◆ **Exercise**:
In the material below, some lines carry "have". Copy each such line.

=== Records supplied ===

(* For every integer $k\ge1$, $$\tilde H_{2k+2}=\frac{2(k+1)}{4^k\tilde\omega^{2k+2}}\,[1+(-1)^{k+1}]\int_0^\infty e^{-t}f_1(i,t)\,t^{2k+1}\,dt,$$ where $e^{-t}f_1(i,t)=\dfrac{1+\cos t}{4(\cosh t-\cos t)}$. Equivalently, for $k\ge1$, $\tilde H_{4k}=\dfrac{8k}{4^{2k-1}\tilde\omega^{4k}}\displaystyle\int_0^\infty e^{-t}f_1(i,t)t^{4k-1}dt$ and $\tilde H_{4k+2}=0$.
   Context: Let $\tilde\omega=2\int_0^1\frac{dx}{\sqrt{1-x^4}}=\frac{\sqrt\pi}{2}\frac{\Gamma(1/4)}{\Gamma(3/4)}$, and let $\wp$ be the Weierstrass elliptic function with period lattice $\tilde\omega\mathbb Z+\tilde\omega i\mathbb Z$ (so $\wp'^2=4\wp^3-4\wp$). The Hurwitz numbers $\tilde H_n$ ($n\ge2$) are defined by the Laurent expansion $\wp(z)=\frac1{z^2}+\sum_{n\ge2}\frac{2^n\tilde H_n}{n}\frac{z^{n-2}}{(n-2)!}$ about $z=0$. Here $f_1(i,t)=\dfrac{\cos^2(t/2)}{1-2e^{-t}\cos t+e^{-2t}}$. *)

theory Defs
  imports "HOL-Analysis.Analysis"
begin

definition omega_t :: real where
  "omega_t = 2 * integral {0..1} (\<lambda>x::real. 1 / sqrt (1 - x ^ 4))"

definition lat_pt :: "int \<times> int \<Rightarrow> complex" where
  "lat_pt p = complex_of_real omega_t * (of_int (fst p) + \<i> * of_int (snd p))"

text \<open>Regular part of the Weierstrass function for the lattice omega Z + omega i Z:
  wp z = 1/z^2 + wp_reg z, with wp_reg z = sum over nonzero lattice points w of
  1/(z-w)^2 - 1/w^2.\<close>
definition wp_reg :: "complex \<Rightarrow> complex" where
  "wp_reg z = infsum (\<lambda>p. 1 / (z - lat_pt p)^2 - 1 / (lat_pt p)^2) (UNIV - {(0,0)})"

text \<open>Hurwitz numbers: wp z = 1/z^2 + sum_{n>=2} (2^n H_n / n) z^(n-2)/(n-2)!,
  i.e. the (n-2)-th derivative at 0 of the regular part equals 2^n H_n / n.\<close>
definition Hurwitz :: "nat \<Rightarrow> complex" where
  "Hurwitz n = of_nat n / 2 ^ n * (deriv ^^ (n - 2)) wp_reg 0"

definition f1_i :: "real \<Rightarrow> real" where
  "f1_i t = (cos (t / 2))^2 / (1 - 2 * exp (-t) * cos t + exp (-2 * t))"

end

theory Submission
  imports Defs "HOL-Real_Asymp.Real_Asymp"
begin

===
=== Records supplied ===

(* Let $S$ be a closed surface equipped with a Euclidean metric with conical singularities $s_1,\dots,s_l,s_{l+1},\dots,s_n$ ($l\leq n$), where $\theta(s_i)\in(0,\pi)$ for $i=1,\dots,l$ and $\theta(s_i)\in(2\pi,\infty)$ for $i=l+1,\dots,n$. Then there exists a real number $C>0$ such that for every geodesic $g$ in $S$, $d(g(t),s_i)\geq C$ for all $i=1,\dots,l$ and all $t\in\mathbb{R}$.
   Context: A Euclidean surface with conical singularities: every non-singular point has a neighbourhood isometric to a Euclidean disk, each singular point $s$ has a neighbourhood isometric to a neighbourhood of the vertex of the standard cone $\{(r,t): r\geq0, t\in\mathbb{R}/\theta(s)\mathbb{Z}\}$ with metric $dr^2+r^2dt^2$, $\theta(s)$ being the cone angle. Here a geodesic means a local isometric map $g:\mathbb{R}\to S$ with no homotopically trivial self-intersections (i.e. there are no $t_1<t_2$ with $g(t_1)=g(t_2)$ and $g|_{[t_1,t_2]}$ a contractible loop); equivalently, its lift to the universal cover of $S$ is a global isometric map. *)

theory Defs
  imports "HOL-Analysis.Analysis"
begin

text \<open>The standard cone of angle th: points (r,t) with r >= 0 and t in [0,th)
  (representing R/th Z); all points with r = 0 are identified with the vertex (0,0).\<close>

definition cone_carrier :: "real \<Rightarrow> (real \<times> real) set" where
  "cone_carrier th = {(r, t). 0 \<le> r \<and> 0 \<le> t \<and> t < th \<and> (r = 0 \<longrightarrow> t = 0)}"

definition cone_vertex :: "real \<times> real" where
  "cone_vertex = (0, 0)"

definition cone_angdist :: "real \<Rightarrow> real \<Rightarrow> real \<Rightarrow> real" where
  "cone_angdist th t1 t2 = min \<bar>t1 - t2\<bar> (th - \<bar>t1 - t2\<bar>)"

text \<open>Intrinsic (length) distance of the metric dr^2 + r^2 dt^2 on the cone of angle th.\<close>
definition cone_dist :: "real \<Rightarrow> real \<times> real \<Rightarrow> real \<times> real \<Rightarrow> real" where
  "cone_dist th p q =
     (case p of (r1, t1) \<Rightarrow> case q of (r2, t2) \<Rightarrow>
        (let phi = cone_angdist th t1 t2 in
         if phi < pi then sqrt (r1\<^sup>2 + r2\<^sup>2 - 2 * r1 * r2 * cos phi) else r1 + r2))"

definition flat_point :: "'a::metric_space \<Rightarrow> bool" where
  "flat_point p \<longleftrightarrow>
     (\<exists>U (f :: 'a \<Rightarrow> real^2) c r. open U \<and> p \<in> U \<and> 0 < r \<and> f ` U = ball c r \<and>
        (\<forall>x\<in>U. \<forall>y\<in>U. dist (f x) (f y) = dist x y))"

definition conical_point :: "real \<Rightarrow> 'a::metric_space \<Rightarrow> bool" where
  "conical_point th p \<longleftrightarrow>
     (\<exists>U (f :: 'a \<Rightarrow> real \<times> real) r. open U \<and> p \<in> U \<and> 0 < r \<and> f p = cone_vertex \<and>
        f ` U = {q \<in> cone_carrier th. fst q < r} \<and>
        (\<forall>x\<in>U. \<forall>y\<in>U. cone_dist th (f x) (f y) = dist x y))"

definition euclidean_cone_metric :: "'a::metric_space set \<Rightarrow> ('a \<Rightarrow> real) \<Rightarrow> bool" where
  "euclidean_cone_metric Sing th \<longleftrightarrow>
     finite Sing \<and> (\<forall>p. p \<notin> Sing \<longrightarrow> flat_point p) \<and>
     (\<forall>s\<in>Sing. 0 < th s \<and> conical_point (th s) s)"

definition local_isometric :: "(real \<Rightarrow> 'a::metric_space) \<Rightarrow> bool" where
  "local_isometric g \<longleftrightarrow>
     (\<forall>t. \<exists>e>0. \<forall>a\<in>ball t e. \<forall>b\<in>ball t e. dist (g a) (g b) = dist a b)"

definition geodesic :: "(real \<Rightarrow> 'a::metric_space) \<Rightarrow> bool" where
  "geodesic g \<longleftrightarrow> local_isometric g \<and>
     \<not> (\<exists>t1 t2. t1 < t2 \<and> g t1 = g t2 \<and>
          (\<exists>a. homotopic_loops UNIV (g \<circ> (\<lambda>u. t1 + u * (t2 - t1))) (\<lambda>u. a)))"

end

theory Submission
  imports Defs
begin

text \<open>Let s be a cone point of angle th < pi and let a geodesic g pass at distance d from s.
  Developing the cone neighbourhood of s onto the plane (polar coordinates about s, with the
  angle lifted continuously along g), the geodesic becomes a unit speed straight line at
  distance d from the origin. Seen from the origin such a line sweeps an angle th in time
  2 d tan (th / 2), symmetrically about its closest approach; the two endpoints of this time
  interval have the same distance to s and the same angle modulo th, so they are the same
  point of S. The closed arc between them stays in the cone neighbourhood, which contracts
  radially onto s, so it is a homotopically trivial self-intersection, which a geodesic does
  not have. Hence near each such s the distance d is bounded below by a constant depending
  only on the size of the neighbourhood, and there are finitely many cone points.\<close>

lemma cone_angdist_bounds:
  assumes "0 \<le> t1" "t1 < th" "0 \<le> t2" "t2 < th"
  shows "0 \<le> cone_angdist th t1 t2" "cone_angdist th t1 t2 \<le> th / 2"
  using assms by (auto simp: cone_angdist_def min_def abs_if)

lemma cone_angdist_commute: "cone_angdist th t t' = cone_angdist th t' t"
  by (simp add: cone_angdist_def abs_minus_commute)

===

◆ **Task answer**:
  interval have the same distance to s and the same angle modulo th, so they are the same
  not have. Hence near each such s the distance d is bounded below by a constant depending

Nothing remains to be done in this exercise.